PROBLEM
Look below for the line that has "A \<subseteq> fst". Set down the lines from there through the line that has "final A) \<in>", exactly as written.

(DATA SECTION Opens)

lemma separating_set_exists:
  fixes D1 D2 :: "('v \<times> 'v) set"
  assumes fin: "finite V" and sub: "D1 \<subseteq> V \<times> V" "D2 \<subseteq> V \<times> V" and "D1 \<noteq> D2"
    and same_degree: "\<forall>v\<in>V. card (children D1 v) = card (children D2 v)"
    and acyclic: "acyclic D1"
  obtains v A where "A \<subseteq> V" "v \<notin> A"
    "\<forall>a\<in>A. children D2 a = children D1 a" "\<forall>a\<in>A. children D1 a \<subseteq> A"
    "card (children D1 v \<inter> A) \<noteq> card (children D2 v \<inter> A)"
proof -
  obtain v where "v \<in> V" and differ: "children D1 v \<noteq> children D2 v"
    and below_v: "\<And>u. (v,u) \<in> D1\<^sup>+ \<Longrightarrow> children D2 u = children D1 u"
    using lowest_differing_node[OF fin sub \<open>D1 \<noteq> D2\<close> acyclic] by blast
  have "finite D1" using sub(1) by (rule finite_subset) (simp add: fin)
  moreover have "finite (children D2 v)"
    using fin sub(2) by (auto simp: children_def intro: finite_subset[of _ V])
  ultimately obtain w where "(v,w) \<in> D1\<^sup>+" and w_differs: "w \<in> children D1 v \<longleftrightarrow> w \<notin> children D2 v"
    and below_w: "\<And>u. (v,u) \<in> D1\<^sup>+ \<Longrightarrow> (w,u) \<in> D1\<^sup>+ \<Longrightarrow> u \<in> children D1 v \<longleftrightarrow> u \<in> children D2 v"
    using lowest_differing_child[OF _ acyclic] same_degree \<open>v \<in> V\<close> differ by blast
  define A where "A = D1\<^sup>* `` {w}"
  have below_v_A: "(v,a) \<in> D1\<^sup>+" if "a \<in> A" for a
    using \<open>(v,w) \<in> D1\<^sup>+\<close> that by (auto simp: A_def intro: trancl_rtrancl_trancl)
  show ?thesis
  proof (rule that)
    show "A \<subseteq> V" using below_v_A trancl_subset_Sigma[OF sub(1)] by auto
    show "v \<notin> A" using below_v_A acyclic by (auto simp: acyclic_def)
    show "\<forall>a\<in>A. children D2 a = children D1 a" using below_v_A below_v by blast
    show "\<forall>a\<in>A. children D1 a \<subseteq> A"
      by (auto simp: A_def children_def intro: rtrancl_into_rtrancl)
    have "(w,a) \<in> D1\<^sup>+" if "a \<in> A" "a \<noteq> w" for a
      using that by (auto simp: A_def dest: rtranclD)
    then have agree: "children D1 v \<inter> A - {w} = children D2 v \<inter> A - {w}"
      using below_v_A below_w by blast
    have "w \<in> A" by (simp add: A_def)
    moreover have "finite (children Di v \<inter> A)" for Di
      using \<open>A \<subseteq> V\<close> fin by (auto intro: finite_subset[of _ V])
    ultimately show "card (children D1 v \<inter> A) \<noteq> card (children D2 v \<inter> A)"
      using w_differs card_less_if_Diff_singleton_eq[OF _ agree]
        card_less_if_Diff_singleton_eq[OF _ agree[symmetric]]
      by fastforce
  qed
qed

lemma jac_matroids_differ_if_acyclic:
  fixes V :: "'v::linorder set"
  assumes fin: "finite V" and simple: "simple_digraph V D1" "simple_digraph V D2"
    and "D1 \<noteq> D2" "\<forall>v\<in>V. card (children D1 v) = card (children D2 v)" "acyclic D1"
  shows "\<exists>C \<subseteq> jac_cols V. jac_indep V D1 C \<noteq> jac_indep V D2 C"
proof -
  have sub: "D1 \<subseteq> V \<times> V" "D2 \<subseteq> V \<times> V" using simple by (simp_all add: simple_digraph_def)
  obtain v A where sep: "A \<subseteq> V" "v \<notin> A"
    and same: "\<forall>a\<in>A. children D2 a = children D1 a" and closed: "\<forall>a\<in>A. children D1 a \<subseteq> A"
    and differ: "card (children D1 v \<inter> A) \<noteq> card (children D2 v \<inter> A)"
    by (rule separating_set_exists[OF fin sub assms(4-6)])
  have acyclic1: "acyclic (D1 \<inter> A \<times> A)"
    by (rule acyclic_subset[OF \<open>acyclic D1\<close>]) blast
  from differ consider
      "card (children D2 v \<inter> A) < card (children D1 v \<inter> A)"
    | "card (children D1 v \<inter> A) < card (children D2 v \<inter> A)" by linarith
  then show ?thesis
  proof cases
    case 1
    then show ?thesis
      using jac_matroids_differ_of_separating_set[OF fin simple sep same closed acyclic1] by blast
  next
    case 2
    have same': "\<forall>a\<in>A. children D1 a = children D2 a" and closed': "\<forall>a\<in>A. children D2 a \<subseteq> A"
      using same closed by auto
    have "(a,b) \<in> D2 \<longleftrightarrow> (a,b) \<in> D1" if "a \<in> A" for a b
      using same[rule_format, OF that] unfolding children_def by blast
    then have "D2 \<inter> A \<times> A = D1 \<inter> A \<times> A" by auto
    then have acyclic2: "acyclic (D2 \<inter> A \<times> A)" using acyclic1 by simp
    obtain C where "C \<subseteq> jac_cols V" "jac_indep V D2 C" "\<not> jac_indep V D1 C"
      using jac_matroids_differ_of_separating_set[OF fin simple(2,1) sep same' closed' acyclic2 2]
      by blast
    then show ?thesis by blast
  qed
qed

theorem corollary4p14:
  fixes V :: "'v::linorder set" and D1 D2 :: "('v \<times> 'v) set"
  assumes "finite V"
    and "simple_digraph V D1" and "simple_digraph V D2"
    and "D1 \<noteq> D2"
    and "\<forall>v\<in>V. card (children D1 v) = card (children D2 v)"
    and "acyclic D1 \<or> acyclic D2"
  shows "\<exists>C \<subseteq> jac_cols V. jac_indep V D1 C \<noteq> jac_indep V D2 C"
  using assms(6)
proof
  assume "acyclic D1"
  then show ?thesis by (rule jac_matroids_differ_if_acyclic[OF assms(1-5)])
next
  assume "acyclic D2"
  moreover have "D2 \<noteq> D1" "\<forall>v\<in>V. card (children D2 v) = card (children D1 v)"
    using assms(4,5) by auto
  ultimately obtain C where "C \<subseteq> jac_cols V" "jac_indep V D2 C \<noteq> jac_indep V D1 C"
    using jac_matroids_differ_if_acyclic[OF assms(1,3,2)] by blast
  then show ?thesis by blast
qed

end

(DATA SECTION Closes)
(DATA SECTION Opens)

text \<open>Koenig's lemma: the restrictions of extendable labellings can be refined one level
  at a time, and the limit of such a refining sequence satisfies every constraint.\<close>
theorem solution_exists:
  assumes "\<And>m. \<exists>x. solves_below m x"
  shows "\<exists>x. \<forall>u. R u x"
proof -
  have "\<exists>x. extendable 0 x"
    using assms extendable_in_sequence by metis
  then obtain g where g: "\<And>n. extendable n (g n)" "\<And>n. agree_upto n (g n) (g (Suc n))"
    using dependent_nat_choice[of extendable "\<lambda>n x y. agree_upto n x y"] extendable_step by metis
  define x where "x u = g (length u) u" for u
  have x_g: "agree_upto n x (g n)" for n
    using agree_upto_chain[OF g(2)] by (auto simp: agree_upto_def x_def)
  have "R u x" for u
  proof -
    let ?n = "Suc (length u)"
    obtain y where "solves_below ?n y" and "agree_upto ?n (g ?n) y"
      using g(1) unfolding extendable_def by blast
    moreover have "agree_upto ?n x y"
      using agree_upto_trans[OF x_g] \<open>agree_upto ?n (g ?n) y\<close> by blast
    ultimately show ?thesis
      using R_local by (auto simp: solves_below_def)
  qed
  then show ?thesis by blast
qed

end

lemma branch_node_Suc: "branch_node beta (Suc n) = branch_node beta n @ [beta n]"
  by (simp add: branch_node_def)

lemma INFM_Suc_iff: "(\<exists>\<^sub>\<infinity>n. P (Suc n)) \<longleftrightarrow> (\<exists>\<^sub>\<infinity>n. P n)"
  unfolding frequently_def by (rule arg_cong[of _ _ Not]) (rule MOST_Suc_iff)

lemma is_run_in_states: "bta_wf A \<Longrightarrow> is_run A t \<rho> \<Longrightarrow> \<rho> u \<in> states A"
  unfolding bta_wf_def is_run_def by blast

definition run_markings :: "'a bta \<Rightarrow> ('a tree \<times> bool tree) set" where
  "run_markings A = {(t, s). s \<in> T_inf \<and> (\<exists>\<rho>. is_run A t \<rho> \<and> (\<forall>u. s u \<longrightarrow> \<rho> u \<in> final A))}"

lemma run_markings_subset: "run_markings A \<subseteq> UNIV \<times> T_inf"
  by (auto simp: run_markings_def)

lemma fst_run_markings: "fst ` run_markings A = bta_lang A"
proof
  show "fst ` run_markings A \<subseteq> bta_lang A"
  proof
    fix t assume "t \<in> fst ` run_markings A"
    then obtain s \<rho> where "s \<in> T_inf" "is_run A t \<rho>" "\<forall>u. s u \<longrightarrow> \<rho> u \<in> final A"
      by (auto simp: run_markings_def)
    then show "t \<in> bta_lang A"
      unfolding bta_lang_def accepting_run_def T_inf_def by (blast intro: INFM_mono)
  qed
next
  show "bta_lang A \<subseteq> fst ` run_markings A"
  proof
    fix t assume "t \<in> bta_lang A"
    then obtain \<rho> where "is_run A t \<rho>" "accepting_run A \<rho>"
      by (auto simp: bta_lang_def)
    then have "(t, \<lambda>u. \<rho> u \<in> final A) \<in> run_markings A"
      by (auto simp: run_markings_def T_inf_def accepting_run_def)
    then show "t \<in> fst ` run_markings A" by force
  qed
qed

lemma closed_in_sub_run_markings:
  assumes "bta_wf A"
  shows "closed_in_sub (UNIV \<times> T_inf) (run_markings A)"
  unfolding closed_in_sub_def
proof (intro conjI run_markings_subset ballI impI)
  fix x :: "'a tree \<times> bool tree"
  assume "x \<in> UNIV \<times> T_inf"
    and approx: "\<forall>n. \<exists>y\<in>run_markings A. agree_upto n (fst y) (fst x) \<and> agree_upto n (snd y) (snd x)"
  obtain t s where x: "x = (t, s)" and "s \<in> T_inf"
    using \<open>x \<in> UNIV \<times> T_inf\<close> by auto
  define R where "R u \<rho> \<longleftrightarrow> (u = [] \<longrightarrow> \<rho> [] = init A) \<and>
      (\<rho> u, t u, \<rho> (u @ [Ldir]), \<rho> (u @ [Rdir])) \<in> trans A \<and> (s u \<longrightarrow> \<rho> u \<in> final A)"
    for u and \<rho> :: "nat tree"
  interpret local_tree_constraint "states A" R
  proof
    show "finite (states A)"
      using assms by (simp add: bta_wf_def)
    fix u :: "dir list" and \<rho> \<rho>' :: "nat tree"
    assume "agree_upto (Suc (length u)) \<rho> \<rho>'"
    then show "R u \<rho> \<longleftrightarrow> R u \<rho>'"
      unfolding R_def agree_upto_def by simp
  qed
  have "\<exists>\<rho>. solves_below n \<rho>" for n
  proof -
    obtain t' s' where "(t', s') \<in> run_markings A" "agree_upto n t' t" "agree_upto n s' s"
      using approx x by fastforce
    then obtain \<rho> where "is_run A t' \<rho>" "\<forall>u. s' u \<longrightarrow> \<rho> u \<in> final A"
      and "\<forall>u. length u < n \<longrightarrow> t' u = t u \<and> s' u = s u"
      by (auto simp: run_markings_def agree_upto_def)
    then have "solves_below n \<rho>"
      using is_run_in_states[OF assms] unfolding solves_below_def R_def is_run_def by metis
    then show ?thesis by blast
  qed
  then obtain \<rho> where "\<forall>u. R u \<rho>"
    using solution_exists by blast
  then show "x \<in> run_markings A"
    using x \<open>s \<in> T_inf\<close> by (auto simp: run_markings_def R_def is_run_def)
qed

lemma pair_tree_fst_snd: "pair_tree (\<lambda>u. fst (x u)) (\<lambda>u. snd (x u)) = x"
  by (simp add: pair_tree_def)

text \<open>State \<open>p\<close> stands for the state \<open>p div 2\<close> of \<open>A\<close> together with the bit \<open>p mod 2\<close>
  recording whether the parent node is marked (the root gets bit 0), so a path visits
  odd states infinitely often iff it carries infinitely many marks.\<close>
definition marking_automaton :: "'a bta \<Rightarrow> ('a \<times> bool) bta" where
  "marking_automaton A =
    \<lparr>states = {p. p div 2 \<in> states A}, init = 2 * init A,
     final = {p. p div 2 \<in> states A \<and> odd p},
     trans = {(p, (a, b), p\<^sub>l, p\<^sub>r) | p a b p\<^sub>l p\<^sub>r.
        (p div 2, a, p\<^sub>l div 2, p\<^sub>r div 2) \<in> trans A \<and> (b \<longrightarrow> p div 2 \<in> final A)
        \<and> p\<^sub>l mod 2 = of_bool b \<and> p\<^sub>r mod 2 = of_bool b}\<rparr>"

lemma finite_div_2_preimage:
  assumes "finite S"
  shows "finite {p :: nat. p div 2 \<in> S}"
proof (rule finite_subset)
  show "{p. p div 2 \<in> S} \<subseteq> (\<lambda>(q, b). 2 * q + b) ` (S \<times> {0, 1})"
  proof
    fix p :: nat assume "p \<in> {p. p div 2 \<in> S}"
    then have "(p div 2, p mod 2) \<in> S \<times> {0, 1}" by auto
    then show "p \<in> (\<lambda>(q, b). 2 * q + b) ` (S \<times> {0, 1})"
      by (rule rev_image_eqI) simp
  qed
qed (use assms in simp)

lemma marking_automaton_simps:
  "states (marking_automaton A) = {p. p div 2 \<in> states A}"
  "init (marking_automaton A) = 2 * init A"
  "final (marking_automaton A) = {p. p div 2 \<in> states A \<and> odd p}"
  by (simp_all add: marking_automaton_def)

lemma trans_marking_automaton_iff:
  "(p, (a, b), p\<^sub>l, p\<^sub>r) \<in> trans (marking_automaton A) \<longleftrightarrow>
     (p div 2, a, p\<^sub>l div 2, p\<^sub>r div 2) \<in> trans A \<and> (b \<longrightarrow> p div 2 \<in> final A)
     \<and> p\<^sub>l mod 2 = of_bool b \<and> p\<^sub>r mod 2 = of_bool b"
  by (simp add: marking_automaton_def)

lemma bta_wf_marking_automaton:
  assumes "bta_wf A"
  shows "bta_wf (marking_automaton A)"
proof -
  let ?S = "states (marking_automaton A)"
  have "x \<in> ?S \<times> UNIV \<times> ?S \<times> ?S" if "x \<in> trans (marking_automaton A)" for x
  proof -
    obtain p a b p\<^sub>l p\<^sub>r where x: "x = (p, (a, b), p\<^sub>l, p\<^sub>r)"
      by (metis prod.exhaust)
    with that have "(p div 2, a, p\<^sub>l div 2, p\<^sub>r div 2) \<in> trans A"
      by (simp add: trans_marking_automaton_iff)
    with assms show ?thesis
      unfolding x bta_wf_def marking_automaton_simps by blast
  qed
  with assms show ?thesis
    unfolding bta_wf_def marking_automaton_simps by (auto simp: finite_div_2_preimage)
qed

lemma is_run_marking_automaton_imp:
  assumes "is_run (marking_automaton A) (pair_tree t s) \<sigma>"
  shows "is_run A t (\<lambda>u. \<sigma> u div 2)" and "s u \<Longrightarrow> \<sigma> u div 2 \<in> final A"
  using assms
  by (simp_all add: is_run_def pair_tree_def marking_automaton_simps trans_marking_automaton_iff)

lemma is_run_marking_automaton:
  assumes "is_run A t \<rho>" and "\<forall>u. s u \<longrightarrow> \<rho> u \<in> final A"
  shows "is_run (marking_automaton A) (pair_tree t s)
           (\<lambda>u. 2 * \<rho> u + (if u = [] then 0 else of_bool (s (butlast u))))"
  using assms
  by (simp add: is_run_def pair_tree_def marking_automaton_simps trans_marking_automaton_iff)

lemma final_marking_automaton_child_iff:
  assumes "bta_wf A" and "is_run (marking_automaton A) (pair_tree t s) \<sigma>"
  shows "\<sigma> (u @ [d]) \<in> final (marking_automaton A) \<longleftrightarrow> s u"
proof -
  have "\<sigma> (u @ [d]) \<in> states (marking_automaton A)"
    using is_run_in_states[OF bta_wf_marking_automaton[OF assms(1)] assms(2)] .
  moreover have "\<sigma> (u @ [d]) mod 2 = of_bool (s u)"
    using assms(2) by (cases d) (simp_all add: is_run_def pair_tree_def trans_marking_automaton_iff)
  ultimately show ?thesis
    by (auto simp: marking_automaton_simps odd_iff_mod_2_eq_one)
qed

(DATA SECTION Closes)

SOLUTION TO THE PROBLEM
  show "bta_lang A \<subseteq> fst ` run_markings A"
  proof
    fix t assume "t \<in> bta_lang A"
    then obtain \<rho> where "is_run A t \<rho>" "accepting_run A \<rho>"
      by (auto simp: bta_lang_def)
    then have "(t, \<lambda>u. \<rho> u \<in> final A) \<in> run_markings A"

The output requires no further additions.